HIU has faculties of law, economics, fine arts, foreign languages. The university has been accredited by three US educational organizations as meeting American education standard.

History 

Established in 1997, HIU  became a member of NHG Education System in May 2015.

Programs
HIU offers degree programs in forty disciplines, enrolling an average of 4,000 undergraduate and post-graduate students from Southern Vietnam.  Up to 2017, HIU had more than 66.000 alumni working in Vietnam and APAC.

HIU has received the Labor Order, third class by the President; Merit by the Prime Minister as well as Merit by Central of the Ho chi Minh City Communist Youth Union.

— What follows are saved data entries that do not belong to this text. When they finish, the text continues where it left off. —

lemma mon_diff_lead:
  assumes "lex_less q p"
  shows "Poly_Mapping.keys (mon p - mon q :: 'a::field mpoly) = {p, q}"
    and "lead_mon (mon p - mon q :: 'a mpoly) = p"
    and "lead_coeff_mp (mon p - mon q :: 'a mpoly) = 1"
proof -
  have "p \<noteq> q"
    using assms lex_less_irrefl by blast
  then have lookup_diff: "Poly_Mapping.lookup (mon p - mon q :: 'a mpoly) m
      = (if m = p then 1 else if m = q then -1 else 0)" for m
    by (auto simp: mon_def lookup_minus lookup_single when_def)
  show keys: "Poly_Mapping.keys (mon p - mon q :: 'a mpoly) = {p, q}"
    by (auto simp: in_keys_iff lookup_diff split: if_splits)
  show lead: "lead_mon (mon p - mon q :: 'a mpoly) = p"
    using assms by (intro lead_mon_eqI) (auto simp: keys)
  show "lead_coeff_mp (mon p - mon q :: 'a mpoly) = 1"
    by (simp add: lead_coeff_mp_def lead lookup_diff)
qed

lemma polyring_mult:
  assumes "p \<in> polyring n" "q \<in> polyring n"
  shows "p * q \<in> polyring n"
  unfolding polyring_def
proof (intro CollectI ballI)
  fix m
  assume "m \<in> Poly_Mapping.keys (p * q)"
  then obtain a b where ab: "m = a + b" "a \<in> Poly_Mapping.keys p" "b \<in> Poly_Mapping.keys q"
    using keys_mult by blast
  have "Poly_Mapping.keys a \<subseteq> {..<n}" "Poly_Mapping.keys b \<subseteq> {..<n}"
    using assms ab(2,3) unfolding polyring_def by blast+
  then show "Poly_Mapping.keys m \<subseteq> {..<n}"
    using ab(1) keys_add[of a b] by blast
qed

lemma polyring_add: "p \<in> polyring n \<Longrightarrow> q \<in> polyring n \<Longrightarrow> p + q \<in> polyring n"
  unfolding polyring_def using keys_add[of p q] by blast

lemma polyring_diff: "p \<in> polyring n \<Longrightarrow> q \<in> polyring n \<Longrightarrow> p - q \<in> polyring n"
  unfolding polyring_def using keys_diff[of p q] by blast

lemma mon_in_polyring: "Poly_Mapping.keys m \<subseteq> {..<n} \<Longrightarrow> mon m \<in> polyring n"
  unfolding polyring_def mon_def by simp

lemma one_in_polyring: "1 \<in> polyring n"
  unfolding polyring_def by simp

lemma ideal_gen_subset_polyring: "S \<subseteq> polyring n \<Longrightarrow> ideal_gen n S \<subseteq> polyring n"
proof
  fix p
  assume "p \<in> ideal_gen n S" "S \<subseteq> polyring n"
  then show "p \<in> polyring n"
  proof (induction rule: ideal_gen.induct)
    case zero
    then show ?case by (simp add: polyring_def)
  next
    case (gen s r)
    then show ?case by (blast intro: polyring_mult)
  next
    case (add p q)
    then show ?case by (blast intro: polyring_add)
  qed
qed

lemma ideal_gen_mult:
  assumes "r \<in> polyring n" "p \<in> ideal_gen n S"
  shows "r * p \<in> ideal_gen n S"
  using assms(2)
proof (induction rule: ideal_gen.induct)
  case zero
  then show ?case by (simp add: ideal_gen.zero)
next
  case (gen s r')
  then show ?case
    using ideal_gen.gen polyring_mult[OF assms(1)] by (metis mult.assoc)
next
  case (add p q)
  then show ?case by (simp add: distrib_left ideal_gen.add)
qed

lemma ideal_gen_subset: "S \<subseteq> ideal_gen n T \<Longrightarrow> ideal_gen n S \<subseteq> ideal_gen n T"
proof
  fix p
  assume "p \<in> ideal_gen n S" "S \<subseteq> ideal_gen n T"
  then show "p \<in> ideal_gen n T"
    by (induction rule: ideal_gen.induct) (auto intro: ideal_gen.intros ideal_gen_mult)
qed

lemma ideal_gen_mono: "S \<subseteq> T \<Longrightarrow> ideal_gen n S \<subseteq> ideal_gen n T"
  by (rule ideal_gen_subset) (auto intro: ideal_gen.gen[where r = 1, simplified] one_in_polyring)

lemma mon_in_ideal_gen_if_dvd:
  assumes "mon_dvd a b" "Poly_Mapping.keys b \<subseteq> {..<n}" "mon a \<in> S"
  shows "(mon b :: 'a::field mpoly) \<in> ideal_gen n S"
proof -
  have "b = (b - a) + a"
    by (rule poly_mapping_eqI) (use assms(1) in \<open>auto simp: lookup_add lookup_minus mon_dvd_def\<close>)
  then have "(mon b :: 'a mpoly) = mon (b - a) * mon a"
    unfolding mon_def mult_single by simp
  moreover have "Poly_Mapping.keys (b - a) \<subseteq> Poly_Mapping.keys b"
    by (auto simp: in_keys_iff lookup_minus)
  then have "Poly_Mapping.keys (b - a) \<subseteq> {..<n}"
    using assms(2) by blast
  ultimately show ?thesis
    using ideal_gen.gen[OF assms(3) mon_in_polyring] by simp
qed

lemma is_groebner_basisI:
  assumes "finite G" "G \<subseteq> I" "0 \<notin> G" "I \<subseteq> polyring n"
    and dvd: "\<And>f. f \<in> I \<Longrightarrow> f \<noteq> 0 \<Longrightarrow> \<exists>g\<in>G. mon_dvd (lead_mon g) (lead_mon f)"
  shows "is_groebner_basis n I (G :: 'a::field mpoly set)"
proof -
  have "ideal_gen n {mon (lead_mon g) | g. g \<in> G} \<subseteq> initial_ideal n I"
    unfolding initial_ideal_def using assms(2,3) by (intro ideal_gen_mono) blast
  moreover have "initial_ideal n I \<subseteq> ideal_gen n {mon (lead_mon g) | g. g \<in> G}"
    unfolding initial_ideal_def
  proof (intro ideal_gen_subset subsetI)
    fix p
    assume "p \<in> {mon (lead_mon f) | f. f \<in> I \<and> f \<noteq> 0}"
    then obtain f where f: "p = mon (lead_mon f)" "f \<in> I" "f \<noteq> 0"
      by blast
    have "Poly_Mapping.keys (lead_mon f) \<subseteq> {..<n}"
      using lead_mon_in_keys[OF f(3)] f(2) assms(4) unfolding polyring_def by blast
    with dvd[OF f(2,3)] show "p \<in> ideal_gen n {mon (lead_mon g) | g. g \<in> G}"
      unfolding f(1) by (blast intro: mon_in_ideal_gen_if_dvd)
  qed
  ultimately show ?thesis
    unfolding is_groebner_basis_def using assms(1-3) by blast
qed

definition graded_coeff_sum :: "(monom \<Rightarrow> 'b) \<Rightarrow> 'b \<Rightarrow> 'a::field mpoly \<Rightarrow> 'a" where
  "graded_coeff_sum D v f
    = (\<Sum>m\<in>Poly_Mapping.keys f. if D m = v then Poly_Mapping.lookup f m else 0)"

According to UniRank, UNI is ranked 38th in Vietnam. 
Recently, following the assessment of The Ministry of Education and Training, the university is on the strongly recommended list because of high-level education r, international environment and a high qualitycampus.

Admission

Vietnamese students come from mainly Ho chi minh City, Tay Ninh, Vinh Long, Can Tho, Long An, and Binh Thuan. 
HIU has international students from Cuba, Cambodia, Korea, Mongolia, Japan, and Italy . They join both the undergraduate and graduate levels.